Task description | Search the entries below for "dest". Report each line where it occurs.

Data for analysis |
(* Let $p\equiv1\pmod5$ be prime and let $\psi$ be a character of order $5$ of $\mathbb{F}_p^*$. If $a,b,c\in\mathbb{Z}$ satisfy $a+c\not\equiv0\pmod5$ and $b+c\not\equiv0\pmod5$, then \[ \sum_{\chi}\chi(-1)\,J(\bar\chi\psi^a,\bar\chi\psi^b,\chi\psi^c)=-(p-1), \] where the sum runs over all multiplicative characters $\chi$ of $\mathbb{F}_p^*$.
   Context: Multiplicative characters of $\mathbb{F}_p^*$ are extended to $\mathbb{F}_p$ by $\chi(0):=0$, including for the trivial character; $\bar\chi$ denotes the inverse character. For characters $\chi_1,\dots,\chi_k$, the generalized Jacobi sum is $J(\chi_1,\dots,\chi_k):=\sum_{t_1+\dots+t_k=1,\ t_i\in\mathbb{F}_p}\chi_1(t_1)\cdots\chi_k(t_k)$. *)

theory Defs
  imports Complex_Main "HOL-Computational_Algebra.Primes"
begin

text \<open>F_p is represented by the residues {0..<p} (nat). A multiplicative character
of F_p^* extended by chi(0)=0 is a function nat => complex that is multiplicative on
{1..<p} (modulo p), sends 1 to 1, vanishes at 0 and (normalisation) outside {0..<p}.\<close>

definition mchar :: "nat \<Rightarrow> (nat \<Rightarrow> complex) \<Rightarrow> bool" where
  "mchar p \<chi> \<longleftrightarrow> \<chi> 0 = 0 \<and> \<chi> 1 = 1 \<and>
     (\<forall>x\<in>{1..<p}. \<forall>y\<in>{1..<p}. \<chi> ((x * y) mod p) = \<chi> x * \<chi> y) \<and>
     (\<forall>x. p \<le> x \<longrightarrow> \<chi> x = 0)"

definition chars :: "nat \<Rightarrow> (nat \<Rightarrow> complex) set" where
  "chars p = {\<chi>. mchar p \<chi>}"

text \<open>Inverse character (inverse 0 = 0 in Isabelle, so chi-bar(0) = 0).\<close>
definition cinv :: "(nat \<Rightarrow> complex) \<Rightarrow> nat \<Rightarrow> complex" where
  "cinv \<chi> = (\<lambda>x. inverse (\<chi> x))"

definition cmul :: "(nat \<Rightarrow> complex) \<Rightarrow> (nat \<Rightarrow> complex) \<Rightarrow> nat \<Rightarrow> complex" where
  "cmul \<chi> \<phi> = (\<lambda>x. \<chi> x * \<phi> x)"

text \<open>Integer power of a character, again with value 0 at 0 (also for exponent 0).\<close>
definition cpow :: "(nat \<Rightarrow> complex) \<Rightarrow> int \<Rightarrow> nat \<Rightarrow> complex" where
  "cpow \<chi> a = (\<lambda>x. if \<chi> x = 0 then 0 else \<chi> x powi a)"

definition char_order :: "nat \<Rightarrow> (nat \<Rightarrow> complex) \<Rightarrow> nat" where
  "char_order p \<chi> = (LEAST n. n > 0 \<and> (\<forall>x\<in>{1..<p}. \<chi> x ^ n = 1))"

definition jacobi3 :: "nat \<Rightarrow> (nat \<Rightarrow> complex) \<Rightarrow> (nat \<Rightarrow> complex) \<Rightarrow> (nat \<Rightarrow> complex) \<Rightarrow> complex" where
  "jacobi3 p \<chi>1 \<chi>2 \<chi>3 =
     (\<Sum>(t1, t2, t3) \<in> {(t1, t2, t3). t1 < p \<and> t2 < p \<and> t3 < p \<and> (t1 + t2 + t3) mod p = 1 mod p}.
        \<chi>1 t1 * \<chi>2 t2 * \<chi>3 t3)"

end

theory Submission
  imports Defs "HOL-Number_Theory.Number_Theory"
begin

(*
  Expanding the Jacobi sums and summing over \<chi> first, orthogonality of characters keeps
  exactly the triples of units with t1 + t2 + t3 = 1 and t1 t2 = -t3, each with weight p - 1.
  Eliminating t3 turns these conditions into (t1 - 1)(t2 - 1) = 0, so the triples are
  (1, t, -t) and (t, 1, -t).  Since \<psi> has odd order, \<psi>(-1) = 1, and the two families contribute
  the sums of \<psi>^(b+c)(t) and \<psi>^(a+c)(t) over t \<in> F_p^*, which vanish because 5 divides neither
  exponent.  What remains is the doubly counted triple (1, 1, -1), of weight 1.
*)

lemma sum_eq_0_if_bij_scales:
  fixes h :: "'a \<Rightarrow> 'b::idom"
  assumes "bij_betw f A A" and "\<And>x. x \<in> A \<Longrightarrow> h (f x) = c * h x" and "c \<noteq> 1"
  shows "sum h A = 0"
proof -
  have "sum h A = (\<Sum>x\<in>A. h (f x))" by (rule sum.reindex_bij_betw[OF assms(1), symmetric])
  also have "\<dots> = c * sum h A" by (simp add: assms(2) sum_distrib_left)
  finally have "(1 - c) * sum h A = 0" by (simp add: algebra_simps)
  with assms(3) show ?thesis by simp
qed

lemma power_eq_if_cong_mod_order:
  fixes z :: "'a::monoid_mult"
  assumes z: "z ^ n = 1" and ab: "[a = b] (mod n)"
  shows "z ^ a = z ^ b"
proof -
  have power_mod: "z ^ k = z ^ (k mod n)" for k
  proof -
    have "z ^ k = (z ^ n) ^ (k div n) * z ^ (k mod n)"
      by (simp only: power_mult[symmetric] power_add[symmetric] mult_div_mod_eq)
    with z show ?thesis by simp
  qed
  have "a mod n = b mod n" using ab by (simp only: cong_def)
  then show ?thesis by (simp only: power_mod[of a] power_mod[of b])
qed

lemma mult_mod_prime_in_units:
  fixes p :: nat
  assumes "prime p" "x \<in> {1..<p}" "y \<in> {1..<p}"
  shows "(x * y) mod p \<in> {1..<p}"
proof -
  have "\<not> p dvd x" "\<not> p dvd y"
    using assms(2,3) by (auto dest: dvd_imp_le)
  with assms(1) have "\<not> p dvd x * y" by (simp add: prime_dvd_mult_iff)
  with assms(1) show ?thesis by (simp add: dvd_eq_mod_eq_0 prime_gt_0_nat)
qed

lemma bij_betw_mult_mod_prime:
  fixes p :: nat
  assumes p: "prime p" and x: "x \<in> {1..<p}"
  shows "bij_betw (\<lambda>t. (x * t) mod p) {1..<p} {1..<p}"
proof -
  have "\<not> p dvd x" using x by (auto dest: dvd_imp_le)
  then have "coprime x p" using prime_imp_coprime[OF p] coprime_commute by blast
  have inj: "inj_on (\<lambda>t. (x * t) mod p) {1..<p}"
  proof (rule inj_onI)
    fix s t assume "s \<in> {1..<p}" "t \<in> {1..<p}" "(x * s) mod p = (x * t) mod p"
    with \<open>coprime x p\<close> show "s = t"
      by (metis atLeastLessThan_iff cong_def cong_mult_lcancel_nat mod_less)
  qed
  have "(\<lambda>t. (x * t) mod p) ` {1..<p} \<subseteq> {1..<p}"
    using mult_mod_prime_in_units[OF p x] by blast
  with inj have "(\<lambda>t. (x * t) mod p) ` {1..<p} = {1..<p}"
    by (intro card_subset_eq) (simp_all add: card_image)
  with inj show ?thesis by (simp add: bij_betw_def)
qed

lemma mod_prime_inverse_exists:
  fixes p :: nat
  assumes "prime p" "x \<in> {1..<p}"
  obtains s where "s \<in> {1..<p}" "(x * s) mod p = 1"
proof -
  have "1 \<in> {1..<p}" using prime_gt_1_nat[OF assms(1)] by simp
  with bij_betw_mult_mod_prime[OF assms] have "1 \<in> (\<lambda>t. (x * t) mod p) ` {1..<p}"
    by (simp add: bij_betw_def)
  with that show ?thesis by force
qed

lemma minus_one_squared_mod:
  fixes p :: nat
  assumes "1 < p"
  shows "((p - 1) * (p - 1)) mod p = 1"
proof -
  define q where "q = p - 2"
  with assms have q: "p = q + 2" by simp
  then have "(p - 1) * (p - 1) = 1 + q * p" by (simp add: algebra_simps)
  then have "((p - 1) * (p - 1)) mod p = 1 mod p" by (simp only: mod_mult_self1)
  with assms show ?thesis by simp
qed

lemma mchar_zero: "mchar p \<chi> \<Longrightarrow> \<chi> 0 = 0"
  and mchar_one: "mchar p \<chi> \<Longrightarrow> \<chi> 1 = 1"
  and mchar_mult: "mchar p \<chi> \<Longrightarrow> x \<in> {1..<p} \<Longrightarrow> y \<in> {1..<p} \<Longrightarrow> \<chi> ((x * y) mod p) = \<chi> x * \<chi> y"
  and mchar_eq_0_if_ge: "mchar p \<chi> \<Longrightarrow> p \<le> x \<Longrightarrow> \<chi> x = 0"
  by (auto simp: mchar_def)

lemma mchar_eq_0_outside_units: "mchar p \<chi> \<Longrightarrow> x \<notin> {1..<p} \<Longrightarrow> \<chi> x = 0"
  by (cases "x = 0") (auto simp: mchar_zero mchar_eq_0_if_ge)

lemma mchar_power_mod:
  fixes p :: nat
  assumes p: "prime p" and \<chi>: "mchar p \<chi>" and g: "g \<in> {1..<p}"
  shows "g ^ k mod p \<in> {1..<p} \<and> \<chi> (g ^ k mod p) = \<chi> g ^ k"
proof (induction k)
  case 0
  then show ?case using prime_gt_1_nat[OF p] mchar_one[OF \<chi>] by simp
next
  case (Suc k)
  have "g ^ Suc k mod p = ((g ^ k mod p) * g) mod p"
    by (simp add: mod_mult_right_eq mult.commute)
  with Suc g show ?case
    using mult_mod_prime_in_units[OF p] mchar_mult[OF \<chi>] by (simp del: atLeastLessThan_iff)
qed

lemma mchar_power_p_minus_1:
  fixes p :: nat
  assumes p: "prime p" and \<chi>: "mchar p \<chi>" and x: "x \<in> {1..<p}"
  shows "\<chi> x ^ (p - 1) = 1"
proof -
  have "[x ^ (p - 1) = 1] (mod p)"
    using x by (intro fermat_theorem[OF p]) (auto dest: dvd_imp_le)
  then have "x ^ (p - 1) mod p = 1"
    using prime_gt_1_nat[OF p] by (simp add: cong_def)
  then show ?thesis using mchar_power_mod[OF p \<chi> x, of "p - 1"] mchar_one[OF \<chi>] by simp
qed

lemma mchar_nonzero:
  fixes p :: nat
  assumes "prime p" "mchar p \<chi>" "x \<in> {1..<p}"
  shows "\<chi> x \<noteq> 0"
  using mchar_power_p_minus_1[OF assms] prime_gt_1_nat[OF assms(1)] by (auto simp: power_0_left)

lemma mchar_cmul: "mchar p \<chi> \<Longrightarrow> mchar p \<phi> \<Longrightarrow> mchar p (cmul \<chi> \<phi>)"
  unfolding mchar_def cmul_def by (simp add: mult_ac)

subsection \<open>Characters via a primitive root\<close>

locale primroot_mod_prime =
  fixes p g :: nat
  assumes prime: "prime p" and primroot: "residue_primroot p g" and generator_less: "g < p"
begin

lemma coprime_generator: "coprime p g"
  using primroot by (simp add: residue_primroot_def)

lemma ord_generator: "ord p g = p - 1"
  using primroot totient_prime[OF prime] by (simp add: residue_primroot_def)

lemma bij_betw_power_mod: "bij_betw (\<lambda>i. g ^ i mod p) {..<p - 1} {1..<p}"
proof -
  have "bij_betw (\<lambda>i. g ^ i mod p) {..<totient p} (totatives p)"
    by (rule residue_primroot_is_generator[OF prime_gt_1_nat[OF prime] primroot])
  moreover have "{0<..<p} = {1..<p}" by fastforce
  ultimately show ?thesis by (simp only: totient_prime[OF prime] totatives_prime[OF prime])
qed

lemma generator_unit: "g \<in> {1..<p}"
proof -
  have "g \<noteq> 0"
  proof
    assume "g = 0"
    with coprime_generator have "p = 1" by simp
    with prime show False by simp
  qed
  with generator_less show ?thesis by simp
qed

definition dlog :: "nat \<Rightarrow> nat" where
  "dlog = inv_into {..<p - 1} (\<lambda>i. g ^ i mod p)"

lemma dlog_less: "x \<in> {1..<p} \<Longrightarrow> dlog x < p - 1"
  and power_dlog_mod: "x \<in> {1..<p} \<Longrightarrow> g ^ dlog x mod p = x"
proof -
  assume "x \<in> {1..<p}"
  then have "x \<in> (\<lambda>i. g ^ i mod p) ` {..<p - 1}"
    using bij_betw_power_mod by (simp add: bij_betw_def)
  then show "dlog x < p - 1" and "g ^ dlog x mod p = x"
    unfolding dlog_def using f_inv_into_f[of x "\<lambda>i. g ^ i mod p"]
    by (simp_all add: inv_into_into[THEN lessThan_iff[THEN iffD1]])
qed

lemma dlog_power_mod: "i < p - 1 \<Longrightarrow> dlog (g ^ i mod p) = i"
  using bij_betw_inv_into_left[OF bij_betw_power_mod] by (simp add: dlog_def)

lemma dlog_mult_cong:
  assumes x: "x \<in> {1..<p}" and y: "y \<in> {1..<p}"
  shows "[dlog ((x * y) mod p) = dlog x + dlog y] (mod (p - 1))"
proof -
  have "g ^ dlog ((x * y) mod p) mod p = (x * y) mod p"
    by (rule power_dlog_mod[OF mult_mod_prime_in_units[OF prime x y]])
  also have "\<dots> = ((g ^ dlog x mod p) * (g ^ dlog y mod p)) mod p"
    by (simp only: power_dlog_mod[OF x] power_dlog_mod[OF y])
  also have "\<dots> = g ^ (dlog x + dlog y) mod p"
    by (simp only: power_add mod_mult_eq)
  finally have "[g ^ dlog ((x * y) mod p) = g ^ (dlog x + dlog y)] (mod p)"
    by (simp only: cong_def)
  then show ?thesis
    using order_divides_expdiff[OF coprime_generator] by (simp add: ord_generator)
qed

definition char_of_root :: "complex \<Rightarrow> nat \<Rightarrow> complex" where
  "char_of_root z x = (if x \<in> {1..<p} then z ^ dlog x else 0)"

lemma mchar_char_of_root:
  assumes z: "z ^ (p - 1) = 1"
  shows "mchar p (char_of_root z)"
  unfolding mchar_def
proof (intro conjI ballI allI impI)
  have "dlog 1 = 0"
    using dlog_power_mod[of 0] prime_gt_1_nat[OF prime] by simp
  then show "char_of_root z 1 = 1"
    using prime_gt_1_nat[OF prime] by (simp add: char_of_root_def)
  fix x y :: nat assume x: "x \<in> {1..<p}" and y: "y \<in> {1..<p}"
  show "char_of_root z ((x * y) mod p) = char_of_root z x * char_of_root z y"
    using x y mult_mod_prime_in_units[OF prime x y]
      power_eq_if_cong_mod_order[OF z dlog_mult_cong[OF x y]]
    by (simp add: char_of_root_def power_add)
qed (simp_all add: char_of_root_def)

Exercise output |
    using assms(2,3) by (auto dest: dvd_imp_le)
  have "\<not> p dvd x" using x by (auto dest: dvd_imp_le)
    using x by (intro fermat_theorem[OF p]) (auto dest: dvd_imp_le)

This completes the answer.